- We’re going to go ahead and say that this chapter is from Ishmael’s perspective.
- Really, though, it’s just first-person narration, and the "I" that’s speaking here could just as easily be the faceless narrator and/or Melville himself. (A lot of the whaling experience that’s referenced here is from Melville’s own life.)
- The narrator claims that he has to give some more background on whaling in order to prove a few things. He mentions them in no particular order.
- First, he says, he knows of three separate occasions when a (a) whale had an initial encounter with one man, (b) escaped with the man’s harpoon stuck in him, (c) met the same man again later, but (d) lost the fight that time and got slaughtered.
- There’s no possibility of mistake, he says, because the previous harpoons, which had personal markings on them, were still in the whales.
- Second, there have been several times when specific whales became well known and identifiable by their markings and personalities.
- Such whales have been given names by sailors—Timor Jack, New Zealand Tom, Morquan, Don Miguel.
- Each of these famous whales was eventually hunted down by a whaling captain who got a bit obsessed with him. So there’s some real-life precedent for this whole Ahab-versus-Moby-Dick thing. History is repeating itself.
- The narrator also mentions a few different whaling catastrophes, just to make it clear that Moby Dick is a real sea adventure story, not "a monstrous fable" or "a hideous and intolerable allegory" (45.7).
- So, this white whale is super-symbolic of everything (see, oh, all of Chapters 41 and 42), but it’s also not just a symbol.
- First, the narrator says, whaling and fishing are generally known to be dangerous, but people don’t usually realize just how dangerous they are (clearly, this novel predates the Discovery Channel’s Deadliest Catch). Most deaths at sea don’t get reported in your local New England newspapers.
- Second, even though regular idiot landlubbers like us know whales are big, they don’t usually seem to realize just how powerful and dangerous they are.
- Sperm whales, the narrator claims, sometimes deliberately attack and sink ships. He gives several examples of this happening:
- In 1820, the Essex was attacked by a whale that bashed its head against the ship in order to sink it. (This is the story that’s explored in the documentary Moby Dick: The True Story, by the way.)
- In 1807, the Union sank under what might have been similar circumstances, although nobody really knows any details.
- About twenty years before, an American warship was sailing the Pacific, and during a conversation about whaling, the Commodore laughed off the idea that a whale could damage his ship at all.
- The irony gods seemed to hear this: a few weeks later, a sperm whale damaged the hull so badly that the ship had to head straight for port, pumping water out of the hold the whole time.
- On another occasion, at the beginning of the nineteenth century, a Russian ship struck a surfaced whale almost the way it would hit an iceberg, and the whole ship was lifted three feet out of the water, but ended up unscathed.

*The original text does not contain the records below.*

lemma arr_if_leaves_arr:
  assumes "\<forall>l\<in>#leaves w. arr A B l"
  shows "arr A B w"
proof -
  have "termip red_or_part w"
    using assms arr_sn by (blast intro: sn_if_leaves_sn sn_imp_termip_part)
  then show ?thesis using assms
  proof (induction rule: accp_induct_rule)
    case (1 w)
    have "arr A B w'" if "red_or_part w w'" for w'
    proof -
      have "\<forall>l\<in>#leaves w'. arr A B l"
        using that
      proof
        assume "ured w w'"
        show ?thesis
          by (rule all_leaves_ured[OF "1.prems" \<open>ured w w'\<close> arr_ac arr_leaves_ured])
      next
        assume "part w w'"
        then show ?thesis
          using "1.prems" by (blast elim: part_leafE intro: arr_ac)
      qed
      with 1 that show ?thesis by simp
    qed
    moreover have "B (subst s b 0)" if redex: "ac w (Lam s)" "A b" "basis b" for s b
    proof -
      obtain l where "l \<in># leaves w" "ac l (Lam s)"
        using ac_leafE[OF redex(1), where l = "Lam s"] by auto
      then have "B (App (Lam s) b)"
        using "1.prems" redex(2) arr_ac unfolding arr_def by blast
      then show ?thesis
        using redex(3) by (blast intro: B.cand_red ured_head r_beta)
    qed
    ultimately show ?case
      unfolding arr_def[of A B w] by (blast intro: App_in_B)
  qed
qed

lemma arr_Lam:
  assumes "\<And>u. A u \<Longrightarrow> basis u \<Longrightarrow> B (subst t u 0)"
  shows "arr A B (Lam t)"
proof -
  have "sn (subst t (Var 0) 0)"
    using assms A.cand_Var B.cand_sn by simp
  then have "sn t"
    by (rule sn_preimage) (simp add: ured_subst)
  then show ?thesis using assms
  proof (induction rule: accp_induct_rule)
    case (1 t)
    have "arr A B w'" if "red_or_part (Lam t) w'" for w'
    proof -
      from that have "ured (Lam t) w'"
        by (auto simp: part_def)
      then obtain t' where "ured t t'" "ac (Lam t') w'"
        by (rule ured_LamE)
      moreover have "B (subst t' u 0)" if "A u" "basis u" for u
        using "1.prems"[OF that] ured_subst[OF \<open>ured t t'\<close> that(2)] by (rule B.cand_red)
      ultimately show ?thesis
        using "1.IH" by (blast intro: arr_ac)
    qed
    moreover have "B (subst s b 0)" if "ac (Lam t) (Lam s)" "A b" "basis b" for s b
      using that "1.prems" by (auto intro: B.cand_ac ac_subst)
    ultimately show ?case
      unfolding arr_def[of A B "Lam t"] by (blast intro: App_in_B)
  qed
qed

- Something similar happened to a ship sailing toward Juan Fernandes (a group of Pacific Islands)— the ship seemed to hit something very hard, but there wasn’t any rock there, and they eventually decided it had been an earthquake. The narrator, however, thinks that a whale hit the bottom of the ship’s hull.

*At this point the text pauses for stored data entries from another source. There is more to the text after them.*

(* For any $\epsilon>0$ there exist $c,n_0>0$ depending on $\epsilon$ such that for all $n\ge n_0$ and every $y\in\mathbb{S}^{n-1}$, \[\mathbb{P}\big[\|yQ_n\|_2\le c\sqrt{n}\big]\le(1/2+\epsilon)^n.\]
   Context: $Q_n$ is an $n\times n$ random matrix with independent rows, each uniform on the vectors of $\{0,1\}^n$ with coordinate sum $\lfloor n/2\rfloor$; $yQ_n$ denotes the row vector $y$ times $Q_n$. $\mathbb{S}^{n-1}$ is the Euclidean unit sphere in $\mathbb{R}^n$. *)

theory Defs
  imports "HOL-Probability.Probability"
begin

text \<open>Vectors in R^n are functions nat => real, only indices 0..n-1 matter.
  The admissible rows: 0/1-vectors of length n with coordinate sum floor(n/2)
  (coordinates outside {0..<n} are set to 0).\<close>
definition bal_rows :: "nat \<Rightarrow> (nat \<Rightarrow> real) set" where
  "bal_rows n = {v. (\<forall>j<n. v j \<in> {0, 1}) \<and> (\<forall>j\<ge>n. v j = 0)
                    \<and> (\<Sum>j<n. v j) = real (n div 2)}"

definition random_Q :: "nat \<Rightarrow> (nat \<Rightarrow> nat \<Rightarrow> real) pmf" where
  "random_Q n = Pi_pmf {..<n} (\<lambda>_. 0) (\<lambda>_. pmf_of_set (bal_rows n))"

definition vecmat :: "nat \<Rightarrow> (nat \<Rightarrow> real) \<Rightarrow> (nat \<Rightarrow> nat \<Rightarrow> real) \<Rightarrow> nat \<Rightarrow> real" where
  "vecmat n y Q = (\<lambda>j. \<Sum>i<n. y i * Q i j)"

definition l2norm :: "nat \<Rightarrow> (nat \<Rightarrow> real) \<Rightarrow> real" where
  "l2norm n v = sqrt (\<Sum>j<n. (v j)\<^sup>2)"

end

(* Write yQ_n = sum_i y_i Q_i as a combination of the independent balanced rows Q_i.

   If some |y_i| >= delta, condition on the other rows: all values of Q_i that keep
   ||yQ_n|| <= c sqrt n lie in a Hamming ball of radius alpha n (alpha ~ c^2 / delta^2) around
   any one of them.  Such a ball has at most (1 + eps)^n points, while there are about
   2^n / sqrt n balanced rows.

   If all |y_i| < delta, Esseen's Fourier argument shows that a uniform 0/1 vector x has
   |<y, x>| <= 1/w only with probability O(1/w).  A small norm forces all but n/16 of the first
   n/2 columns of Q_n to be of this kind, and fixing these columns leaves each row only a
   2^(1 - n/2) fraction of its choices; together this gives (1/2)^n. *)

theory Submission
  imports Defs
begin

section \<open>Central binomial coefficients\<close>

lemma binomial_double_Suc: "Suc (Suc (2*k)) choose Suc k = 2 * (Suc (2*k) choose k)"
proof -
  have "Suc (2*k) choose Suc k = Suc (2*k) choose k"
    using binomial_symmetric[of "Suc k" "Suc (2*k)"] by simp
  then show ?thesis by (simp only: binomial_Suc_Suc mult_2)
qed

lemma Suc_times_binomial_double: "Suc k * (Suc (2*k) choose k) = Suc (2*k) * ((2*k) choose k)"
proof -
  have "Suc k * (Suc (k+k) choose Suc k) = Suc k * (Suc (k+k) choose k)"
    by (rule Suc_times_binomial_add)
  moreover have "Suc k * (Suc (k+k) choose Suc k) = Suc (k+k) * ((k+k) choose k)"
    by (rule Suc_times_binomial)
  ultimately show ?thesis by (simp only: mult_2)
qed

lemma central_binomial_even_sq_bounds:
  "16^k \<le> real ((2*k) choose k)^2 * (4 * real k + 1) \<and> real ((2*k) choose k)^2 * (2 * real k + 1) \<le> 16^k"
proof (induction k)
  case 0
  then show ?case by simp
next
  case (Suc k)
  define r where "r = real k"
  define a where "a = real ((2*k) choose k)"
  define b where "b = real ((2*Suc k) choose Suc k)"
  have "2 * Suc k = Suc (Suc (2*k))" by simp
  then have "b = 2 * real (Suc (2*k) choose k)"
    unfolding b_def by (simp only: binomial_double_Suc of_nat_mult of_nat_numeral)
  moreover have "real (Suc k * (Suc (2*k) choose k)) = real (Suc (2*k) * ((2*k) choose k))"
    by (simp only: Suc_times_binomial_double)
  ultimately have "(r+1) * b = 2*(2*r+1) * a"
    unfolding a_def r_def by (simp add: algebra_simps)
  then have "((r+1) * b)^2 = (2*(2*r+1) * a)^2"
    by (rule arg_cong)
  then have b2: "b^2 * (r+1)^2 = 4*(2*r+1)^2 * a^2"
    by (simp only: power_mult_distrib) (simp add: ac_simps)
  have IH: "16^k \<le> a^2*(4*r+1)" "a^2*(2*r+1) \<le> 16^k"
    using Suc.IH unfolding a_def r_def by (simp_all add: algebra_simps)
  have "16^Suc k * (r+1)^2 \<le> (a^2*(4*r+1)) * (16*(r+1)^2)"
    using mult_right_mono[OF IH(1), of "16*(r+1)^2"] by simp
  also have "\<dots> \<le> a^2 * (4*(2*r+1)^2 * (4*r+5))"
    unfolding mult.assoc by (intro mult_left_mono) (auto simp: power2_eq_square algebra_simps r_def)
  also have "\<dots> = b^2 * (4*(r+1)+1) * (r+1)^2"
    using b2 by (simp add: algebra_simps)
  finally have lower: "16^Suc k \<le> b^2 * (4*(r+1)+1)"
    by (simp add: r_def)
  have "b^2 * (2*(r+1)+1) * (r+1)^2 = (b^2 * (r+1)^2) * (2*r+3)"
    by (simp add: algebra_simps)
  also have "\<dots> = (a^2*(2*r+1)) * (4*(2*r+1)*(2*r+3))"
    unfolding b2 by (simp add: algebra_simps power2_eq_square)
  also have "\<dots> \<le> 16^k * (16*(r+1)^2)"
  proof (rule mult_mono[OF IH(2)])
    show "4*(2*r+1)*(2*r+3) \<le> 16*(r+1)^2"
      by (simp add: power2_eq_square algebra_simps)
  qed (simp_all add: r_def)
  finally have upper: "b^2 * (2*(r+1)+1) \<le> 16^Suc k"
    by (simp add: r_def)
  show ?case
    using lower upper unfolding b_def r_def by (simp add: algebra_simps)
qed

- The narrator claims that he has many examples "of the great power and malice of the sperm whale" (45.19), but decides to give just one more: a legend that, in the sixth century, a magistrate of Constantinople named Procopius recorded the capture of a sea monster that had been destroying ships in the area for fifty years.
- The narrator claims, based on circumstantial evidence, that this must have been a sperm whale. (Not exactly a rock solid case.)